Beginning with the first line of the data below, set down each line exactly through the line that contains "Context: A betweenness".
******************************
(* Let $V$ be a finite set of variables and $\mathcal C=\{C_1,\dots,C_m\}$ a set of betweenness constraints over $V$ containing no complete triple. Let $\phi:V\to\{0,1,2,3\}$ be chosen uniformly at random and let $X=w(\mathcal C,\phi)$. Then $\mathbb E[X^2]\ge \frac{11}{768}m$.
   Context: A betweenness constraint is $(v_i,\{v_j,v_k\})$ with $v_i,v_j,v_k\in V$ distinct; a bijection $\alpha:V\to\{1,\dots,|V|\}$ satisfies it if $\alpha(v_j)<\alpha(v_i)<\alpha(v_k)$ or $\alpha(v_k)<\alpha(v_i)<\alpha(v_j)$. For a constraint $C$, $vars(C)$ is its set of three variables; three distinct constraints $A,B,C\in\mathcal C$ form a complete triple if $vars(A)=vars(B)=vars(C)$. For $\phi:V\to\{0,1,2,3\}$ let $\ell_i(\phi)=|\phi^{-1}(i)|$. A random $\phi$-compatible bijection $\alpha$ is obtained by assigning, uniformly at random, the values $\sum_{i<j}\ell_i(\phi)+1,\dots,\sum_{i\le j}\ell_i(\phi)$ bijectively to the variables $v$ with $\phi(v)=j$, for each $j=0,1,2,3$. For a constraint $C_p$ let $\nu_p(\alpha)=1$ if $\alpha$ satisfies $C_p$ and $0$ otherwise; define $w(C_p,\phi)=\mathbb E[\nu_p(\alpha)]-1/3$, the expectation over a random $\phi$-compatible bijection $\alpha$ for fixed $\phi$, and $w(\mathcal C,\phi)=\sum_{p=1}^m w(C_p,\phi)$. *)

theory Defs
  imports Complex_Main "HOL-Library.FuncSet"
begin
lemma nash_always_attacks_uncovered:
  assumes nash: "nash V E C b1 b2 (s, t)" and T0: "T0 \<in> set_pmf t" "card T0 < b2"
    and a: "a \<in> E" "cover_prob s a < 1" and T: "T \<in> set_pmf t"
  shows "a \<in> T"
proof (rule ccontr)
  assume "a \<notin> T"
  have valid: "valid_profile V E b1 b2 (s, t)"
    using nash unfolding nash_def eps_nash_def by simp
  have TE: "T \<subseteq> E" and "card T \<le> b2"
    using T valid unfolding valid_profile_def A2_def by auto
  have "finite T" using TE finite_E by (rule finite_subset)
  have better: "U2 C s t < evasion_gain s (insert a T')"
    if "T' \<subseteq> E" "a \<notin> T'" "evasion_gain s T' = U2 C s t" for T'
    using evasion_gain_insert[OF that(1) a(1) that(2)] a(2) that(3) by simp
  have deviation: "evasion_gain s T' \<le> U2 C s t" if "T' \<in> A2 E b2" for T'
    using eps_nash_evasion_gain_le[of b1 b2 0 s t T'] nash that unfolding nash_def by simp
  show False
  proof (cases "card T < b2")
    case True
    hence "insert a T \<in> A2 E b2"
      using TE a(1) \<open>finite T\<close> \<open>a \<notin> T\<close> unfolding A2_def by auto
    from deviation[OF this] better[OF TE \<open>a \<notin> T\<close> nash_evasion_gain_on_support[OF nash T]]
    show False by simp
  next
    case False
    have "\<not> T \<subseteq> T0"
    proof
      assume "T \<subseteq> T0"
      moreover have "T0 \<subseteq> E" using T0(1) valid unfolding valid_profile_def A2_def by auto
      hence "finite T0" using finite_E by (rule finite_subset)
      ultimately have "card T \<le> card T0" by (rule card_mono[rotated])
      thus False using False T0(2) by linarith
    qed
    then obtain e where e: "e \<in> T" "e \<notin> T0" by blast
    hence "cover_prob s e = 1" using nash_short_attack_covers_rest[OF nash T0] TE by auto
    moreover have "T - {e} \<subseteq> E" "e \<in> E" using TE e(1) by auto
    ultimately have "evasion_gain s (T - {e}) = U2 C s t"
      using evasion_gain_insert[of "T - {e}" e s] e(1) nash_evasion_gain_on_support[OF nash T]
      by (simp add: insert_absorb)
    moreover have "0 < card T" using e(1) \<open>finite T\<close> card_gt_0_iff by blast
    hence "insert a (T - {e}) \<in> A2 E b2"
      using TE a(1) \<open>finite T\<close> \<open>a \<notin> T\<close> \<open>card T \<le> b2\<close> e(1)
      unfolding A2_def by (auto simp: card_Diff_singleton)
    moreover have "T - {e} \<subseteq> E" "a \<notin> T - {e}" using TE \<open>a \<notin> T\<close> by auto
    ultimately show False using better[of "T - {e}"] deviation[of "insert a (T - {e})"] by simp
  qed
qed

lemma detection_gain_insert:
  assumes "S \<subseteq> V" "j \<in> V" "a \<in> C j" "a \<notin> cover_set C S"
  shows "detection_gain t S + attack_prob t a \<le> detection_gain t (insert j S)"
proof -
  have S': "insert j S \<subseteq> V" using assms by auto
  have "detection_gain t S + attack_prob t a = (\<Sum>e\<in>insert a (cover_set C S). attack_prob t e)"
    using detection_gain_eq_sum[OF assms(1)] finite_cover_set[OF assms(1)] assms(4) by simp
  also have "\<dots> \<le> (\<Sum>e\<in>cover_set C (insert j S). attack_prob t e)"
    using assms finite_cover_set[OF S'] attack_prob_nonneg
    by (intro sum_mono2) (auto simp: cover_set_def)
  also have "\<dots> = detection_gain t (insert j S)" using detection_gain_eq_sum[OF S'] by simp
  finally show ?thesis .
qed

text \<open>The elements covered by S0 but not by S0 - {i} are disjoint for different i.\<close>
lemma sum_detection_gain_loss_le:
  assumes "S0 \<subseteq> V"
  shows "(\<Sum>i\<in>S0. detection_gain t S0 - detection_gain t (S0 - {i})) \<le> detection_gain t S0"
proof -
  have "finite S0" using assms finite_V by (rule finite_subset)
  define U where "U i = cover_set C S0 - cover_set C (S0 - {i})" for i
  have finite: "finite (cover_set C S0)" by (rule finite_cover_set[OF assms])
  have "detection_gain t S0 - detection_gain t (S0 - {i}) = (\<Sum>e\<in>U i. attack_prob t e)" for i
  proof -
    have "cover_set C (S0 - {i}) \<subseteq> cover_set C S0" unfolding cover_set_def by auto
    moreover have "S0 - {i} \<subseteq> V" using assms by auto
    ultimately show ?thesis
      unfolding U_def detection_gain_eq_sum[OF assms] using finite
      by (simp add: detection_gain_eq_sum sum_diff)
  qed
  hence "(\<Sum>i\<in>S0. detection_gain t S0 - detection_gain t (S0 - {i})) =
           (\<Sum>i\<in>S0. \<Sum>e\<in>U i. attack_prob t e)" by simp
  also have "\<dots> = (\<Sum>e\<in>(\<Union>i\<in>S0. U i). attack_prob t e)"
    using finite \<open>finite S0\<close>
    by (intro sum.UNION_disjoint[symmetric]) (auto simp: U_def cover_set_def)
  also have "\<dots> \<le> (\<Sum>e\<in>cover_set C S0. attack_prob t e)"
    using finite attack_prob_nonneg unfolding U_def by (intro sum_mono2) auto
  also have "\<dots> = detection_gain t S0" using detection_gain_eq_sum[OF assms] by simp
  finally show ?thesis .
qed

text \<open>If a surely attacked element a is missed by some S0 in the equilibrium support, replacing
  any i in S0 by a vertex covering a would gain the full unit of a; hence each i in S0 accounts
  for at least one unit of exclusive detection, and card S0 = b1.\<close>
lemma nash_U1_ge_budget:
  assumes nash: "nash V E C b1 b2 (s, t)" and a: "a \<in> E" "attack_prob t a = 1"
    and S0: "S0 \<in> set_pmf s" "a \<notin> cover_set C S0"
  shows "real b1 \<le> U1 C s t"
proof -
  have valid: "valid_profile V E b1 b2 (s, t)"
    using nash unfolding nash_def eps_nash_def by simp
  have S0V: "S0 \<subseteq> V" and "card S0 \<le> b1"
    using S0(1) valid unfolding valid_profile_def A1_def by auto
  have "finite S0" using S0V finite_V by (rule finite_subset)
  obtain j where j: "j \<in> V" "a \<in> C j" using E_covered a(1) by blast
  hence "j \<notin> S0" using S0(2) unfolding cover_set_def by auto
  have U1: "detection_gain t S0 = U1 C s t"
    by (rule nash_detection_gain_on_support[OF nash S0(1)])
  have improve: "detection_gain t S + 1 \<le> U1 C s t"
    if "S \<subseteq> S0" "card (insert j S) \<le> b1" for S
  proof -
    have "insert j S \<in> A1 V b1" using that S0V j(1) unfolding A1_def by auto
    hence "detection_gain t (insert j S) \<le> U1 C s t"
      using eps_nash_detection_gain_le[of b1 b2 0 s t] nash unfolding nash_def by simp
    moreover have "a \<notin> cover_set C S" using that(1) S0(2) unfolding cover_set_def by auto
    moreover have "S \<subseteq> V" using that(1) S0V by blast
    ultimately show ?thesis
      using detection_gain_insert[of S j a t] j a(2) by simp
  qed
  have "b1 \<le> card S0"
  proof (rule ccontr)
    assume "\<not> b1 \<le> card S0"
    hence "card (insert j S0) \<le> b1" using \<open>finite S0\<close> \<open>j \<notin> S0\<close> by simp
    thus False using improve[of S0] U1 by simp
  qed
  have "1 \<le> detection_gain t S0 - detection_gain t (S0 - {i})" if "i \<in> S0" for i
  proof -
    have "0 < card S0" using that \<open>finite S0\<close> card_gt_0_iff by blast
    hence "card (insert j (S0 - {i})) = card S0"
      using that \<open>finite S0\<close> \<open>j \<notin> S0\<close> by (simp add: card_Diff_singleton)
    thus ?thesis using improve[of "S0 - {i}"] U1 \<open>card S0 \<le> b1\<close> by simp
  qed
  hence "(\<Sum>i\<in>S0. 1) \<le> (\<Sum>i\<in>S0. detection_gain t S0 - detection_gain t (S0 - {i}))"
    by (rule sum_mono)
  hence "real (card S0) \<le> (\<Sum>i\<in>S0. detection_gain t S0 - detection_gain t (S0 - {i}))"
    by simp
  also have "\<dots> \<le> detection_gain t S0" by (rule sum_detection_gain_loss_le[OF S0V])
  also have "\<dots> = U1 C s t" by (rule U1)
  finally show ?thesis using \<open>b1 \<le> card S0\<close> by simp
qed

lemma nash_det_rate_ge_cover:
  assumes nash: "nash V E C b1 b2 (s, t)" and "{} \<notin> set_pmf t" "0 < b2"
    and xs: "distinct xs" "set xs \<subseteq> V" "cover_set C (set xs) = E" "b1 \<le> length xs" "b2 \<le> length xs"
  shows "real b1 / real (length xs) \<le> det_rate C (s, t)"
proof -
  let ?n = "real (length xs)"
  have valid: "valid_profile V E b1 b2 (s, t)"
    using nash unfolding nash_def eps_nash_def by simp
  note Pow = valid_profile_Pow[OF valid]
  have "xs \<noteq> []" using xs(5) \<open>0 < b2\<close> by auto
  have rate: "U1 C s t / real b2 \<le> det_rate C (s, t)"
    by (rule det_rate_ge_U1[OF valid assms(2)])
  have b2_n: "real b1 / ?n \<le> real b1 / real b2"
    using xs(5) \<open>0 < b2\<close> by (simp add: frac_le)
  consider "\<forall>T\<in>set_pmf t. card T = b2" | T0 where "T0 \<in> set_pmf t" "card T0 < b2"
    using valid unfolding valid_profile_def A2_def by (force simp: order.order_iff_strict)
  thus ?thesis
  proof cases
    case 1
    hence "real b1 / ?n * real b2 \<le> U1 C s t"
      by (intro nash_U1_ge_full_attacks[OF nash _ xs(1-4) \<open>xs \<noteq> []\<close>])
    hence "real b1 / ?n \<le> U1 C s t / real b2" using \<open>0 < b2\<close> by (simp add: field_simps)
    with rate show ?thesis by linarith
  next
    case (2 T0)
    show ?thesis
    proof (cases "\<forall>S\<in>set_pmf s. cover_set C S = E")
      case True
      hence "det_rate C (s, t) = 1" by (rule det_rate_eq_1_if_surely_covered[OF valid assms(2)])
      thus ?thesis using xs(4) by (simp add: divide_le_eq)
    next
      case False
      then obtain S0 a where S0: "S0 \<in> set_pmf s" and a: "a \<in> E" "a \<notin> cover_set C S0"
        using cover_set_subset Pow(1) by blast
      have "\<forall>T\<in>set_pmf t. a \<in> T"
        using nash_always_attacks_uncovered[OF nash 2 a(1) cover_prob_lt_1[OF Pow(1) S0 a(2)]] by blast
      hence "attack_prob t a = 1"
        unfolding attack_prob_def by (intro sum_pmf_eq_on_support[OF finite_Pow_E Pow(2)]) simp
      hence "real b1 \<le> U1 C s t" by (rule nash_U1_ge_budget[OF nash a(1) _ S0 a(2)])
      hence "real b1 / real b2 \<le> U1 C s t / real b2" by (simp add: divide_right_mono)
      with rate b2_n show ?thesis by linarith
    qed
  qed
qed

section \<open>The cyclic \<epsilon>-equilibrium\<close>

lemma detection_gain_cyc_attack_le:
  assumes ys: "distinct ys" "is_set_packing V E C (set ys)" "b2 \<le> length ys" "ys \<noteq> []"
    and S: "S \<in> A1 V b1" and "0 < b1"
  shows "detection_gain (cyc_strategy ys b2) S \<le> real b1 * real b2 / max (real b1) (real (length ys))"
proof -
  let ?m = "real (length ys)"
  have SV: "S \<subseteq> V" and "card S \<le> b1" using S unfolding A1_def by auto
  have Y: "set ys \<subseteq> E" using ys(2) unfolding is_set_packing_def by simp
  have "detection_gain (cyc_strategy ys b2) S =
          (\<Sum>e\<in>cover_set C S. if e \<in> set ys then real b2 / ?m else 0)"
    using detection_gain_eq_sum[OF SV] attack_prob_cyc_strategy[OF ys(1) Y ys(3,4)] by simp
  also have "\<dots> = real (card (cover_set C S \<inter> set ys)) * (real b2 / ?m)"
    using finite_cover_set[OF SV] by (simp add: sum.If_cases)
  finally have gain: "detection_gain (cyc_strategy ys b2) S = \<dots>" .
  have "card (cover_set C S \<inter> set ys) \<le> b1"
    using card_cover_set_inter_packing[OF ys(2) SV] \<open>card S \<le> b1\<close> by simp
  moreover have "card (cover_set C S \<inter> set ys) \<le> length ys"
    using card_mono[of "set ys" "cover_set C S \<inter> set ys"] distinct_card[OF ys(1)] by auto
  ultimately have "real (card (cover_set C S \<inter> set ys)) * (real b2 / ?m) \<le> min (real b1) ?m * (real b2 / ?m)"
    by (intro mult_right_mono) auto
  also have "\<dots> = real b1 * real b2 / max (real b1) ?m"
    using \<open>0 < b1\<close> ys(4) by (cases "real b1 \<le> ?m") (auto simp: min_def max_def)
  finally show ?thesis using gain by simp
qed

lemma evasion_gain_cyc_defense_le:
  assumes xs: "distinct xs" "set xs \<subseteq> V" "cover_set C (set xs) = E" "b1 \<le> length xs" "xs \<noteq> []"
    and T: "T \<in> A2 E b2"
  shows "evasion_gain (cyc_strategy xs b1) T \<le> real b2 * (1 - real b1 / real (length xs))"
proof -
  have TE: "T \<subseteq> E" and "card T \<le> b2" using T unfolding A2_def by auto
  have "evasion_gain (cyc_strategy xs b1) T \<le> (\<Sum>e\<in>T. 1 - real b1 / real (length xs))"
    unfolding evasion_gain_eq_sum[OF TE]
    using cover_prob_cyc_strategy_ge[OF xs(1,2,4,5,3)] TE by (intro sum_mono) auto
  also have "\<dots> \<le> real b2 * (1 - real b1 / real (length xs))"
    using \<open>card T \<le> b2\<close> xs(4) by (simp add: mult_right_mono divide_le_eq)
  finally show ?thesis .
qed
******************************
*Finished task*:
(* Let $V$ be a finite set of variables and $\mathcal C=\{C_1,\dots,C_m\}$ a set of betweenness constraints over $V$ containing no complete triple. Let $\phi:V\to\{0,1,2,3\}$ be chosen uniformly at random and let $X=w(\mathcal C,\phi)$. Then $\mathbb E[X^2]\ge \frac{11}{768}m$.
   Context: A betweenness constraint is $(v_i,\{v_j,v_k\})$ with $v_i,v_j,v_k\in V$ distinct; a bijection $\alpha:V\to\{1,\dots,|V|\}$ satisfies it if $\alpha(v_j)<\alpha(v_i)<\alpha(v_k)$ or $\alpha(v_k)<\alpha(v_i)<\alpha(v_j)$. For a constraint $C$, $vars(C)$ is its set of three variables; three distinct constraints $A,B,C\in\mathcal C$ form a complete triple if $vars(A)=vars(B)=vars(C)$. For $\phi:V\to\{0,1,2,3\}$ let $\ell_i(\phi)=|\phi^{-1}(i)|$. A random $\phi$-compatible bijection $\alpha$ is obtained by assigning, uniformly at random, the values $\sum_{i<j}\ell_i(\phi)+1,\dots,\sum_{i\le j}\ell_i(\phi)$ bijectively to the variables $v$ with $\phi(v)=j$, for each $j=0,1,2,3$. For a constraint $C_p$ let $\nu_p(\alpha)=1$ if $\alpha$ satisfies $C_p$ and $0$ otherwise; define $w(C_p,\phi)=\mathbb E[\nu_p(\alpha)]-1/3$, the expectation over a random $\phi$-compatible bijection $\alpha$ for fixed $\phi$, and $w(\mathcal C,\phi)=\sum_{p=1}^m w(C_p,\phi)$. *)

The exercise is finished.